TASK INSTRUCTIONS =>
Write out every line below that includes the word "using".

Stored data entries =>
^^^^^^^^

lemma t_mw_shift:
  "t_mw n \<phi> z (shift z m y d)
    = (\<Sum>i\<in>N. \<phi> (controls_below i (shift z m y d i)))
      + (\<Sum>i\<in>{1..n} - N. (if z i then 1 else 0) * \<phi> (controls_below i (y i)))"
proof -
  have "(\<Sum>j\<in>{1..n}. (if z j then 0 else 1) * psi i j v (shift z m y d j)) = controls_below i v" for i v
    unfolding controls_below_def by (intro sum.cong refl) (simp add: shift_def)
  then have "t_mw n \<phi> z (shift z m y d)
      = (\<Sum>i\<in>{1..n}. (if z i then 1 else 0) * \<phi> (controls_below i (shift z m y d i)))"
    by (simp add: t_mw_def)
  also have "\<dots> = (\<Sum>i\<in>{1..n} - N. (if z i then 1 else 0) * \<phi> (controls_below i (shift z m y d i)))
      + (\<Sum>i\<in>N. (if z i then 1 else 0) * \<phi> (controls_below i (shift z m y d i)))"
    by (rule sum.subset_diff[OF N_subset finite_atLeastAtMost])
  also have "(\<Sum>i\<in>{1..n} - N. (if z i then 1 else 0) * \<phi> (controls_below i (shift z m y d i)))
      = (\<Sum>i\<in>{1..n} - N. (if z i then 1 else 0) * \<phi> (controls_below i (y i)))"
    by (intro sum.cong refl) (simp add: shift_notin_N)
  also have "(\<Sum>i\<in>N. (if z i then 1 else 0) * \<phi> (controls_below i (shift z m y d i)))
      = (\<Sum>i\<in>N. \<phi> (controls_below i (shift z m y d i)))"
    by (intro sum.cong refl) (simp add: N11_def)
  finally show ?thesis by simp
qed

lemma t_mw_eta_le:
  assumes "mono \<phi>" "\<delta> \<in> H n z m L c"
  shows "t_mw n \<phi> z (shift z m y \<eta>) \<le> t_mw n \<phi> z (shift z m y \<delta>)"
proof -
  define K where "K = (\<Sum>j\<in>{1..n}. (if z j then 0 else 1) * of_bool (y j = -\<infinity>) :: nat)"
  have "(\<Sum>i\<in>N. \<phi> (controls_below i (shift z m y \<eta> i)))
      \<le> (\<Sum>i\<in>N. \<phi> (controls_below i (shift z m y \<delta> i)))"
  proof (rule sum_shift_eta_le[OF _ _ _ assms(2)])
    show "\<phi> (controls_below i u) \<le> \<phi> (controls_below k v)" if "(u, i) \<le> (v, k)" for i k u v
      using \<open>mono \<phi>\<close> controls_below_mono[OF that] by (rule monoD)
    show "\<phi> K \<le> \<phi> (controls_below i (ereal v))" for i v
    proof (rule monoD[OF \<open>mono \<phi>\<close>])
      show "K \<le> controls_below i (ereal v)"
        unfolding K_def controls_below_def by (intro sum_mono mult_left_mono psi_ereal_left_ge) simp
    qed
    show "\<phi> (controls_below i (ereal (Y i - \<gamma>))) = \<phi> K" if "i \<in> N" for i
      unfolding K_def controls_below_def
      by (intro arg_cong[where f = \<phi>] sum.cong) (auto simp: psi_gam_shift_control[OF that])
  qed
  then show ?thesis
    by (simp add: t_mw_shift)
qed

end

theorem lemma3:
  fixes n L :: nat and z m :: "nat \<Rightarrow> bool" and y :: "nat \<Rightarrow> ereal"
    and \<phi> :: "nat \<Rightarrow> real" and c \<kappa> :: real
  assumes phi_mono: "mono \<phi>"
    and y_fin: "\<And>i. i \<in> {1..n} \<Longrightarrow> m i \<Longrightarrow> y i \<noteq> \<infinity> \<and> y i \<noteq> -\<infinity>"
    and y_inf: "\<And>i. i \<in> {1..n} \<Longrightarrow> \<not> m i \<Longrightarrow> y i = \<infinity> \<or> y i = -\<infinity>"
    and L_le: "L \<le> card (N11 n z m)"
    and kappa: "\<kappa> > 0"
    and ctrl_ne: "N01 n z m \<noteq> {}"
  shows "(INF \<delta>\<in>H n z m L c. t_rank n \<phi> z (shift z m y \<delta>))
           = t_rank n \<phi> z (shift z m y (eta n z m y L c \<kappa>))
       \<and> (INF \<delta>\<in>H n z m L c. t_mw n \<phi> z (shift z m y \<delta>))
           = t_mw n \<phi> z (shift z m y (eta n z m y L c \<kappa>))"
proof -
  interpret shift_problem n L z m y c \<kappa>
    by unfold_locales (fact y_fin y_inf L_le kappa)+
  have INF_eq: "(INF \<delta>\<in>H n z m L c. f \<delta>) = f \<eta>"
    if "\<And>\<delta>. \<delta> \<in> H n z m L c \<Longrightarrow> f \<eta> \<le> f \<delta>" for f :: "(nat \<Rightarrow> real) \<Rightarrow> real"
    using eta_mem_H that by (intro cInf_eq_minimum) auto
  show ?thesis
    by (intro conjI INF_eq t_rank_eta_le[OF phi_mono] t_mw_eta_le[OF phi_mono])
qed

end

^^^^^^^^

EXPECTED ANSWER =>
      using \<open>mono \<phi>\<close> controls_below_mono[OF that] by (rule monoD)
    using eta_mem_H that by (intro cInf_eq_minimum) auto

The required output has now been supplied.